text \<open>
  If Q is finitely equi-invariant, compactness of Q reduces the local finite control sets to
  finitely many, and their union is a single finite set of controls keeping every orbit from Q
  in the \<open>\<epsilon>\<close>-neighbourhood forever; in particular it spans for every horizon.

  Conversely, suppose that for every horizon n at most N controls suffice. Pack N control
  sequences into one element of the compact space \<open>U\<^sup>\<nat>\<close>. The packings that work up to
  horizon n form a decreasing sequence of nonempty closed sets, so some packing works for all
  horizons simultaneously. For each point of Q one of its N components is then good up to
  every horizon, hence forever, which gives finite equi-invariance with a single finite set.
\<close>

definition invariance_cover ::
  "('u \<Rightarrow> 'a \<Rightarrow> 'a) \<Rightarrow> 'u set \<Rightarrow> real \<Rightarrow> 'a::metric_space set \<Rightarrow> (nat \<Rightarrow> 'u) set \<Rightarrow> bool" where
  "invariance_cover F U \<epsilon> Q S \<longleftrightarrow>
     S \<subseteq> ctrl_seqs U \<and> (\<forall>y\<in>Q. \<exists>\<omega>\<in>S. range (\<lambda>k. phi F k y \<omega>) \<subseteq> nbhd \<epsilon> Q)"

lemma fin_equi_inv_imp_invariance_cover:
  fixes Q :: "'a::metric_space set"
  assumes "compact Q" "fin_equi_inv F U Q" "\<epsilon> > 0"
  shows "\<exists>S. finite S \<and> invariance_cover F U \<epsilon> Q S"
proof -
  have "\<forall>x\<in>Q. \<exists>\<delta>>0. \<exists>S. finite S \<and> S \<subseteq> ctrl_seqs U \<and>
      (\<forall>y \<in> ball x \<delta> \<inter> Q. \<exists>\<omega>\<in>S. range (\<lambda>k. phi F k y \<omega>) \<subseteq> nbhd \<epsilon> Q)"
    using assms(2,3) unfolding fin_equi_inv_def fin_equi_inv_point_def by blast
  then obtain \<delta> S where local: "\<And>x. x \<in> Q \<Longrightarrow> \<delta> x > 0 \<and> finite (S x) \<and> S x \<subseteq> ctrl_seqs U \<and>
      (\<forall>y \<in> ball x (\<delta> x) \<inter> Q. \<exists>\<omega>\<in>S x. range (\<lambda>k. phi F k y \<omega>) \<subseteq> nbhd \<epsilon> Q)"
    by metis
  have "Q \<subseteq> (\<Union>x\<in>Q. ball x (\<delta> x))"
    using local by force
  then obtain T where T: "T \<subseteq> Q" "finite T" "Q \<subseteq> (\<Union>x\<in>T. ball x (\<delta> x))"
    using compactE_image[OF assms(1), of Q "\<lambda>x. ball x (\<delta> x)"] by auto
  have "finite (\<Union>x\<in>T. S x)"
    using T local by blast
  moreover have "invariance_cover F U \<epsilon> Q (\<Union>x\<in>T. S x)"
    unfolding invariance_cover_def
  proof
    show "(\<Union>x\<in>T. S x) \<subseteq> ctrl_seqs U"
      using T local by blast
    show "\<forall>y\<in>Q. \<exists>\<omega>\<in>(\<Union>x\<in>T. S x). range (\<lambda>k. phi F k y \<omega>) \<subseteq> nbhd \<epsilon> Q"
    proof
      fix y assume y: "y \<in> Q"
      then obtain x where "x \<in> T" "y \<in> ball x (\<delta> x)"
        using T by blast
      then show "\<exists>\<omega>\<in>(\<Union>x\<in>T. S x). range (\<lambda>k. phi F k y \<omega>) \<subseteq> nbhd \<epsilon> Q"
        using local[of x] T y by blast
    qed
  qed
  ultimately show ?thesis
    by blast
qed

◆ **BRIEF**: Write the listing out again, matching every line exactly.

◆ **SOLUTION BELOW**:
text \<open>
  If Q is finitely equi-invariant, compactness of Q reduces the local finite control sets to
  finitely many, and their union is a single finite set of controls keeping every orbit from Q
  in the \<open>\<epsilon>\<close>-neighbourhood forever; in particular it spans for every horizon.

  Conversely, suppose that for every horizon n at most N controls suffice. Pack N control
  sequences into one element of the compact space \<open>U\<^sup>\<nat>\<close>. The packings that work up to
  horizon n form a decreasing sequence of nonempty closed sets, so some packing works for all
  horizons simultaneously. For each point of Q one of its N components is then good up to
  every horizon, hence forever, which gives finite equi-invariance with a single finite set.
\<close>

definition invariance_cover ::
  "('u \<Rightarrow> 'a \<Rightarrow> 'a) \<Rightarrow> 'u set \<Rightarrow> real \<Rightarrow> 'a::metric_space set \<Rightarrow> (nat \<Rightarrow> 'u) set \<Rightarrow> bool" where
  "invariance_cover F U \<epsilon> Q S \<longleftrightarrow>
     S \<subseteq> ctrl_seqs U \<and> (\<forall>y\<in>Q. \<exists>\<omega>\<in>S. range (\<lambda>k. phi F k y \<omega>) \<subseteq> nbhd \<epsilon> Q)"

lemma fin_equi_inv_imp_invariance_cover:
  fixes Q :: "'a::metric_space set"
  assumes "compact Q" "fin_equi_inv F U Q" "\<epsilon> > 0"
  shows "\<exists>S. finite S \<and> invariance_cover F U \<epsilon> Q S"
proof -
  have "\<forall>x\<in>Q. \<exists>\<delta>>0. \<exists>S. finite S \<and> S \<subseteq> ctrl_seqs U \<and>
      (\<forall>y \<in> ball x \<delta> \<inter> Q. \<exists>\<omega>\<in>S. range (\<lambda>k. phi F k y \<omega>) \<subseteq> nbhd \<epsilon> Q)"
    using assms(2,3) unfolding fin_equi_inv_def fin_equi_inv_point_def by blast
  then obtain \<delta> S where local: "\<And>x. x \<in> Q \<Longrightarrow> \<delta> x > 0 \<and> finite (S x) \<and> S x \<subseteq> ctrl_seqs U \<and>
      (\<forall>y \<in> ball x (\<delta> x) \<inter> Q. \<exists>\<omega>\<in>S x. range (\<lambda>k. phi F k y \<omega>) \<subseteq> nbhd \<epsilon> Q)"
    by metis
  have "Q \<subseteq> (\<Union>x\<in>Q. ball x (\<delta> x))"
    using local by force
  then obtain T where T: "T \<subseteq> Q" "finite T" "Q \<subseteq> (\<Union>x\<in>T. ball x (\<delta> x))"
    using compactE_image[OF assms(1), of Q "\<lambda>x. ball x (\<delta> x)"] by auto
  have "finite (\<Union>x\<in>T. S x)"
    using T local by blast
  moreover have "invariance_cover F U \<epsilon> Q (\<Union>x\<in>T. S x)"
    unfolding invariance_cover_def
  proof
    show "(\<Union>x\<in>T. S x) \<subseteq> ctrl_seqs U"
      using T local by blast
    show "\<forall>y\<in>Q. \<exists>\<omega>\<in>(\<Union>x\<in>T. S x). range (\<lambda>k. phi F k y \<omega>) \<subseteq> nbhd \<epsilon> Q"
    proof
      fix y assume y: "y \<in> Q"
      then obtain x where "x \<in> T" "y \<in> ball x (\<delta> x)"
        using T by blast
      then show "\<exists>\<omega>\<in>(\<Union>x\<in>T. S x). range (\<lambda>k. phi F k y \<omega>) \<subseteq> nbhd \<epsilon> Q"
        using local[of x] T y by blast
    qed
  qed
  ultimately show ?thesis
    by blast
qed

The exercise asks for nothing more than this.